Photographs published online and Chinese military sources cited by the Japanese media indicate a test model of the J-20 fighter has been finished, with taxi tests carried out last week at an airfield in southwestern China.
The news comes just days before a visit to Beijing by US Defence Secretary Robert Gates, who will seek to mend military ties cut off a year ago by China when Washington sold billions of dollars in arms to its rival Taiwan.
Experts say the J-20 will eventually rival the US Air Force's F-22, the world's only fully operational next-generation stealth fighter jet -- but not any time soon.
The J-20 "will become fully competitive with the F-22, in capability and perhaps in numbers, around the end of this decade," Rick Fisher, an expert on the Chinese military at the International Assessment and Strategy Centre, a US think tank, told AFP.
Dennis Blasko, an expert on the People's Liberation Army -- the world's largest military force -- said the timeline for development of the jet was "probably considerably longer than what most outside observers would estimate".
China plans to begin test flights of the J-20 as soon as this month, with plans to deploy the jet as early as 2017, Japan's Asahi Shimbun newspaper said, quoting Chinese military sources.
The fighter will be equipped with large missiles and could reach the island of Guam, a US territory in the western Pacific, with aerial refuelling, although it would take 10 to 15 more years to develop technology on a par with that of the US F-22, it said.
In late 2009, the deputy head of China's air force, General He Weirong, said the country's stealth fighter would be operational sometime between 2017 and 2019, reports said.
Officials at China's defence ministry declined immediate comment when contacted by AFP about the reports.
Western military experts expressed doubts over how far the PLA had progressed with the J-20 programme.
"I have yet to see proof of a test flight. And testing for a prototype can take quite some time before production begins," Blasko said.
Other than the United States and China, only a handful of countries are working on so-called next-generation stealth fighters.
In January 2010, Russia unveiled a new aircraft touted as a rival to the US jet, developed by Sukhoi.
According to Fisher, Japan has a homegrown programme, while India is cooperating with Russia.
The news about the J-20 comes at a key moment in Sino-US relations, with Gates due in Beijing on Sunday and Chinese President Hu Jintao to visit Washington later this month.
US military officials and strategists see Beijing as a potential threat to Washington's once unrivalled dominance of the Pacific. Ahead of the visit by Gates, contacts had only resumed at a technical level.
Fisher indeed predicted that the J-20 could become a "serious threat to US air superiority in Asia before the end of the decade".

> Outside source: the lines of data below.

section \<open>Proximal normals\<close>

lemma indicator_fun_frechet_subdiffI:
  fixes D :: "'a::real_inner set"
  assumes "z \<in> D" "0 \<le> K" and proximal: "\<And>u. u \<in> D \<Longrightarrow> inner v (u - z) \<le> K * (norm (u - z))\<^sup>2"
  shows "v \<in> frechet_subdiff (indicator_fun D) z"
proof -
  let ?Q = "\<lambda>u. (indicator_fun D u - indicator_fun D z - ereal (v \<bullet> (u - z))) / ereal (norm (u - z))"
  have "eventually (\<lambda>u. y < ?Q u) (at z)" if "y < 0" for y
  proof -
    obtain c where "y < ereal c" "c < 0"
      using \<open>y < 0\<close> ereal_dense2 by (metis ereal_less(2) less_ereal.simps(1) zero_ereal_def)
    have "y < ?Q u" if "u \<noteq> z" "dist u z < - c / (K + 1)" for u
    proof (cases "u \<in> D")
      case False
      then show ?thesis using \<open>z \<in> D\<close> \<open>u \<noteq> z\<close> \<open>y < ereal c\<close> by (auto simp: indicator_fun_def)
    next
      case True
      have n: "0 < norm (u - z)" using \<open>u \<noteq> z\<close> by simp
      have "K * norm (u - z) \<le> (K + 1) * norm (u - z)" using n by simp
      also have "\<dots> < - c"
        using that(2) \<open>0 \<le> K\<close> by (simp add: dist_norm field_simps)
      finally have "K * norm (u - z) * norm (u - z) < - c * norm (u - z)"
        using n by (rule mult_strict_right_mono)
      then have "inner v (u - z) < - c * norm (u - z)"
        using proximal[OF True] by (simp add: power2_eq_square mult.assoc)
      then have "c < - inner v (u - z) / norm (u - z)"
        using n by (simp add: field_simps)
      then have "y < ereal (- inner v (u - z) / norm (u - z))"
        using \<open>y < ereal c\<close> less_ereal.simps(1) less_trans by blast
      then show ?thesis
        using True \<open>z \<in> D\<close> n by (simp add: indicator_fun_def)
    qed
    moreover have "0 < - c / (K + 1)" using \<open>c < 0\<close> \<open>0 \<le> K\<close> by (simp add: divide_neg_pos)
    ultimately show ?thesis unfolding eventually_at by blast
  qed
  then have "0 \<le> Liminf (at z) ?Q" unfolding le_Liminf_iff by simp
  then show ?thesis using \<open>z \<in> D\<close> by (simp add: frechet_subdiff_def indicator_fun_def)
qed

lemma proj_set_inner_le:
  fixes D :: "'a::real_inner set"
  assumes "z \<in> proj_set D w" "u \<in> D"
  shows "inner (w - z) (u - z) \<le> (norm (u - z))\<^sup>2 / 2"
proof -
  have "norm (w - z) \<le> norm (w - u)"
    using assms unfolding proj_set_def by (simp add: dist_norm)
  then have "(norm (w - z))\<^sup>2 \<le> (norm ((w - z) - (u - z)))\<^sup>2"
    by (simp add: power_mono)
  then show ?thesis
    unfolding norm_diff_sq_expand by simp
qed

lemma proj_set_normal_in_frechet_subdiff:
  fixes D :: "'a::real_inner set"
  assumes "z \<in> proj_set D w" "0 \<le> l"
  shows "l *\<^sub>R (w - z) \<in> frechet_subdiff (indicator_fun D) z"
proof (rule indicator_fun_frechet_subdiffI)
  show "z \<in> D" using assms(1) unfolding proj_set_def by blast
  show "0 \<le> l / 2" using assms(2) by simp
  fix u assume "u \<in> D"
  then show "inner (l *\<^sub>R (w - z)) (u - z) \<le> l / 2 * (norm (u - z))\<^sup>2"
    using mult_left_mono[OF proj_set_inner_le[OF assms(1)] assms(2)] by simp
qed

lemma limiting_subdiff_indicator_funI:
  assumes "\<And>t. xs t \<in> D" "xs \<longlonglongrightarrow> x" "x \<in> D"
    and "\<And>t. vs t \<in> frechet_subdiff (indicator_fun D) (xs t)" "vs \<longlonglongrightarrow> v"
  shows "v \<in> limiting_subdiff (indicator_fun D) x"
proof -
  have "(\<lambda>t. indicator_fun D (xs t)) \<longlonglongrightarrow> indicator_fun D x"
    using assms(1,3) by (simp add: indicator_fun_def)
  then show ?thesis
    unfolding limiting_subdiff_def using assms(2,4,5) by blast
qed

lemma proj_set_scaled_minimizes:
  fixes D :: "'a::real_inner set"
  assumes "0 < \<beta>" "z \<in> proj_set D ((1 / \<beta>) *\<^sub>R w)" "e \<in> D"
  shows "(norm (z - w))\<^sup>2 / 2 - (1 - \<beta>) / 2 * (norm z)\<^sup>2
    \<le> (norm (e - w))\<^sup>2 / 2 - (1 - \<beta>) / 2 * (norm e)\<^sup>2"
proof -
  define q where "q = (1 / \<beta>) *\<^sub>R w"
  have "w = \<beta> *\<^sub>R q" using assms(1) by (simp add: q_def)
  then have completed_square: "(norm (u - w))\<^sup>2 / 2 - (1 - \<beta>) / 2 * (norm u)\<^sup>2
      = \<beta> / 2 * (norm (u - q))\<^sup>2 + (\<beta>\<^sup>2 - \<beta>) / 2 * (norm q)\<^sup>2" for u
    unfolding norm_diff_sq_expand by (simp add: power_mult_distrib field_simps)
  have "norm (z - q) \<le> norm (e - q)"
    using assms(2,3) unfolding proj_set_def q_def by (simp add: dist_norm norm_minus_commute)
  then have "\<beta> / 2 * (norm (z - q))\<^sup>2 \<le> \<beta> / 2 * (norm (e - q))\<^sup>2"
    using assms(1) by (intro mult_left_mono power_mono) auto
  then show ?thesis unfolding completed_square by simp
qed

text \<open>
  Read \<open>p, a\<close> as \<open>y\<^sup>t\<^sup>+\<^sup>1\<close> and \<open>x\<^sup>t - y\<^sup>t\<^sup>+\<^sup>1\<close> (so \<open>p - a\<close> is the reflected point \<open>2y\<^sup>t\<^sup>+\<^sup>1 - x\<^sup>t\<close>),
  primed quantities as those of the next step, and \<open>fp, gz\<close> as the values of the two summands at
  \<open>p\<close> and \<open>z\<close>; the conclusion is the decrease of the Douglas--Rachford merit function.
\<close>
lemma douglas_rachford_merit_decrease:
  fixes p p' a a' z z' :: "'a::real_inner"
  assumes z: "2 *\<^sub>R z = p' + a' + p - a"
    and prox_f: "fp' + inner a' (p - p') + \<sigma> / 2 * (norm (p' - p))\<^sup>2 \<le> fp"
    and lip: "norm (a' - a) \<le> L * norm (p' - p)"
    and prox_g: "gz' + (norm (z' - (p' - a')))\<^sup>2 / 2 \<le> gz + (norm (z - (p' - a')))\<^sup>2 / 2"
  shows "fp' + gz' + (norm (z' - (p' - a')))\<^sup>2 / 2 - (norm a')\<^sup>2 / 2 + (\<sigma> - L\<^sup>2) / 2 * (norm (p' - p))\<^sup>2
    \<le> fp + gz + (norm (z - (p - a)))\<^sup>2 / 2 - (norm a)\<^sup>2 / 2"
proof -
  have z_eq: "z = (1/2) *\<^sub>R (p' + a' + p - a)"
    using arg_cong[OF z, of "scaleR (1/2)"] by simp
  have merit_shift: "(norm (z - (p' - a')))\<^sup>2 / 2 - (norm a')\<^sup>2 / 2
      = (norm (z - (p - a)))\<^sup>2 / 2 - (norm a)\<^sup>2 / 2 + inner a' (p - p') + (norm (a' - a))\<^sup>2 / 2"
    unfolding z_eq by (simp add: power2_norm_eq_inner inner_add_left inner_add_right inner_diff_left
        inner_diff_right inner_commute field_simps)
  have "(norm (a' - a))\<^sup>2 \<le> L\<^sup>2 * (norm (p' - p))\<^sup>2"
    using power_mono[OF lip norm_ge_zero, of 2] by (simp add: power_mult_distrib)
  moreover have "(\<sigma> - L\<^sup>2) / 2 * (norm (p' - p))\<^sup>2
      = \<sigma> / 2 * (norm (p' - p))\<^sup>2 - L\<^sup>2 * (norm (p' - p))\<^sup>2 / 2"
    by (simp add: field_simps)
  ultimately show ?thesis using merit_shift prox_f prox_g by linarith
qed

section \<open>The iteration\<close>

lemma le_max_of_affine_contraction:
  fixes u :: "nat \<Rightarrow> real"
  assumes "0 \<le> \<alpha>" "\<alpha> < 1" and step: "\<And>t. u (Suc t) \<le> \<alpha> * u t + \<beta>"
  shows "u t \<le> max (u 0) (\<beta> / (1 - \<alpha>))"
proof (induction t)
  case (Suc t)
  have "\<beta> = \<beta> / (1 - \<alpha>) * (1 - \<alpha>)"
    using \<open>\<alpha> < 1\<close> by simp
  also have "\<dots> \<le> max (u 0) (\<beta> / (1 - \<alpha>)) * (1 - \<alpha>)"
    using \<open>\<alpha> < 1\<close> by (intro mult_right_mono) auto
  finally have "\<beta> \<le> max (u 0) (\<beta> / (1 - \<alpha>)) * (1 - \<alpha>)" .
  moreover have "\<alpha> * u t \<le> \<alpha> * max (u 0) (\<beta> / (1 - \<alpha>))"
    using Suc \<open>0 \<le> \<alpha>\<close> by (rule mult_left_mono)
  ultimately show ?case using step[of t] by argo
qed simp

lemma bounded_range_SucD:
  assumes "bounded (range (\<lambda>t. f (Suc t)))"
  shows "bounded (range f)"
proof -
  have "range f \<subseteq> insert (f 0) (range (\<lambda>t. f (Suc t)))"
    by (auto simp: image_iff) (metis not0_implies_Suc)
  then show ?thesis using assms by (meson bounded_insert bounded_subset)
qed

locale douglas_rachford_iteration =
  fixes C D :: "'a::euclidean_space set" and \<gamma> :: real and x y z :: "nat \<Rightarrow> 'a"
  assumes C: "closed C" "convex C" "C \<noteq> {}"
    and D: "compact D"
    and \<gamma>: "0 < \<gamma>" "\<gamma> < 1/12"
    and y_step: "\<And>t. y (Suc t) =
        (1 / (6*\<gamma> + 1)) *\<^sub>R (\<gamma> *\<^sub>R closest_point C ((1 / (1 + 5*\<gamma>)) *\<^sub>R x t) + x t)"
    and z_step: "\<And>t. z (Suc t) \<in> proj_set D ((1 / (1 - 5*\<gamma>)) *\<^sub>R (2 *\<^sub>R y (Suc t) - x t))"
    and x_step: "\<And>t. x (Suc t) = x t + 2 *\<^sub>R (z (Suc t) - y (Suc t))"
begin

definition f :: "'a \<Rightarrow> real" where
  "f u = (infdist u C)\<^sup>2 / 2 + 5 / 2 * (norm u)\<^sup>2"

definition grad_f :: "'a \<Rightarrow> 'a" where
  "grad_f u = (u - closest_point C u) + 5 *\<^sub>R u"

text \<open>The merit function at \<open>(y\<^sup>t\<^sup>+\<^sup>1, z\<^sup>t\<^sup>+\<^sup>1, x\<^sup>t)\<close>; its second term is \<open>\<gamma> g (z\<^sup>t\<^sup>+\<^sup>1)\<close> since \<open>z\<^sup>t\<^sup>+\<^sup>1 \<in> D\<close>.\<close>
definition merit :: "nat \<Rightarrow> real" where
  "merit t = \<gamma> * f (y (Suc t)) - 5 * \<gamma> / 2 * (norm (z (Suc t)))\<^sup>2
     + (norm (z (Suc t) - (2 *\<^sub>R y (Suc t) - x t)))\<^sup>2 / 2 - (norm (x t - y (Suc t)))\<^sup>2 / 2"

lemma closest_point_y_Suc: "closest_point C (y (Suc t)) = closest_point C ((1 / (1 + 5*\<gamma>)) *\<^sub>R x t)"
proof -
  let ?q = "(1 / (1 + 5*\<gamma>)) *\<^sub>R x t" and ?l = "(1 + 5*\<gamma>) / (6*\<gamma> + 1)"
  have "(1 / (6*\<gamma> + 1)) *\<^sub>R x t = ?l *\<^sub>R ?q" and "\<gamma> / (6*\<gamma> + 1) = 1 - ?l"
    using \<gamma> by (simp_all add: field_simps)
  then have y_on_ray: "y (Suc t) = (1 - ?l) *\<^sub>R closest_point C ?q + ?l *\<^sub>R ?q"
    unfolding y_step by (simp add: scaleR_add_right)
  show ?thesis
    unfolding y_on_ray by (rule closest_point_along_normal_ray[OF C]) (use \<gamma> in simp)
qed

lemma x_eq_scaled_y: "x t = (6*\<gamma> + 1) *\<^sub>R y (Suc t) - \<gamma> *\<^sub>R closest_point C (y (Suc t))"
proof -
  have "(6*\<gamma> + 1) *\<^sub>R y (Suc t) = \<gamma> *\<^sub>R closest_point C ((1 / (1 + 5*\<gamma>)) *\<^sub>R x t) + x t"
    using y_step[of t] \<gamma> by simp
  then show ?thesis unfolding closest_point_y_Suc by simp
qed

lemma x_eq_y_plus_grad_f: "x t = y (Suc t) + \<gamma> *\<^sub>R grad_f (y (Suc t))"
proof -
  have "(6*\<gamma> + 1) *\<^sub>R v = v + \<gamma> *\<^sub>R v + (5 * \<gamma>) *\<^sub>R v" for v :: 'a
    using scaleR_add_left[of \<gamma> "5 * \<gamma>" v] by (simp add: algebra_simps)
  then show ?thesis unfolding grad_f_def x_eq_scaled_y[of t] by (simp add: algebra_simps)
qed

lemma z_in_D: "z (Suc t) \<in> D"
  using z_step[of t] unfolding proj_set_def by blast

lemma norm_y_Suc_le: "(1 + 5*\<gamma>) * norm (y (Suc t)) \<le> norm (x t) + \<gamma> * norm (closest_point C 0)"
proof -
  have "(6*\<gamma> + 1) * norm (y (Suc t)) = norm (x t + \<gamma> *\<^sub>R closest_point C (y (Suc t)))"
    using \<gamma> unfolding x_eq_scaled_y[of t] by simp
  also have "\<dots> \<le> norm (x t) + \<gamma> * (norm (closest_point C 0) + norm (y (Suc t)))"
  proof -
    have "norm (\<gamma> *\<^sub>R closest_point C (y (Suc t))) \<le> \<gamma> * (norm (closest_point C 0) + norm (y (Suc t)))"
      using norm_closest_point_le[OF C, of "y (Suc t)"] \<gamma> by (simp add: mult_left_mono)
    then show ?thesis using norm_triangle_ineq[of "x t" "\<gamma> *\<^sub>R closest_point C (y (Suc t))"] by linarith
  qed
  finally show ?thesis by (simp add: algebra_simps)
qed

lemma norm_x_Suc_le:
  assumes "\<And>d. d \<in> D \<Longrightarrow> norm d \<le> R"
  shows "norm (x (Suc t)) \<le> 2 * R + \<gamma> * norm (closest_point C 0) + (1 - 5*\<gamma>) * norm (y (Suc t))"
proof -
  let ?y = "y (Suc t)"
  define P where "P = closest_point C ?y"
  have "x (Suc t) = 2 *\<^sub>R z (Suc t) - ((1 - 6*\<gamma>) *\<^sub>R ?y + \<gamma> *\<^sub>R P)"
    unfolding x_step x_eq_scaled_y[of t, folded P_def] by (simp add: algebra_simps scaleR_2)
  also have "norm \<dots> \<le> norm (2 *\<^sub>R z (Suc t)) + (norm ((1 - 6*\<gamma>) *\<^sub>R ?y) + norm (\<gamma> *\<^sub>R P))"
    by (rule order_trans[OF norm_triangle_ineq4 add_left_mono[OF norm_triangle_ineq]])
  also have "\<dots> \<le> 2 * R + ((1 - 6*\<gamma>) * norm ?y + \<gamma> * (norm (closest_point C 0) + norm ?y))"
  proof -
    have "norm (2 *\<^sub>R z (Suc t)) \<le> 2 * R" using assms[OF z_in_D] by simp
    moreover have "norm ((1 - 6*\<gamma>) *\<^sub>R ?y) = (1 - 6*\<gamma>) * norm ?y" using \<gamma> by simp
    moreover have "norm (\<gamma> *\<^sub>R P) \<le> \<gamma> * (norm (closest_point C 0) + norm ?y)"
      using norm_closest_point_le[OF C, of ?y, folded P_def] \<gamma> by (simp add: mult_left_mono)
    ultimately show ?thesis by linarith
  qed
  finally show ?thesis by (simp add: algebra_simps)
qed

China's massive annual military spending also has aroused concern among its neighbours. Japan last month labelled Beijing's military build-up a global "concern", citing its increased assertiveness in the East and South China Seas.
China has repeatedly insisted its military growth does not pose any threat.
Defence Minister Liang Guanglie said last week that China was currently beefing up its navy, air force and strategic missile forces, while decreasing its ground forces.
According to defence industry publication Aviation Week, the J-20 is larger than observers expected -- suggesting a long-range capacity and the ability to carry heavy weapons loads.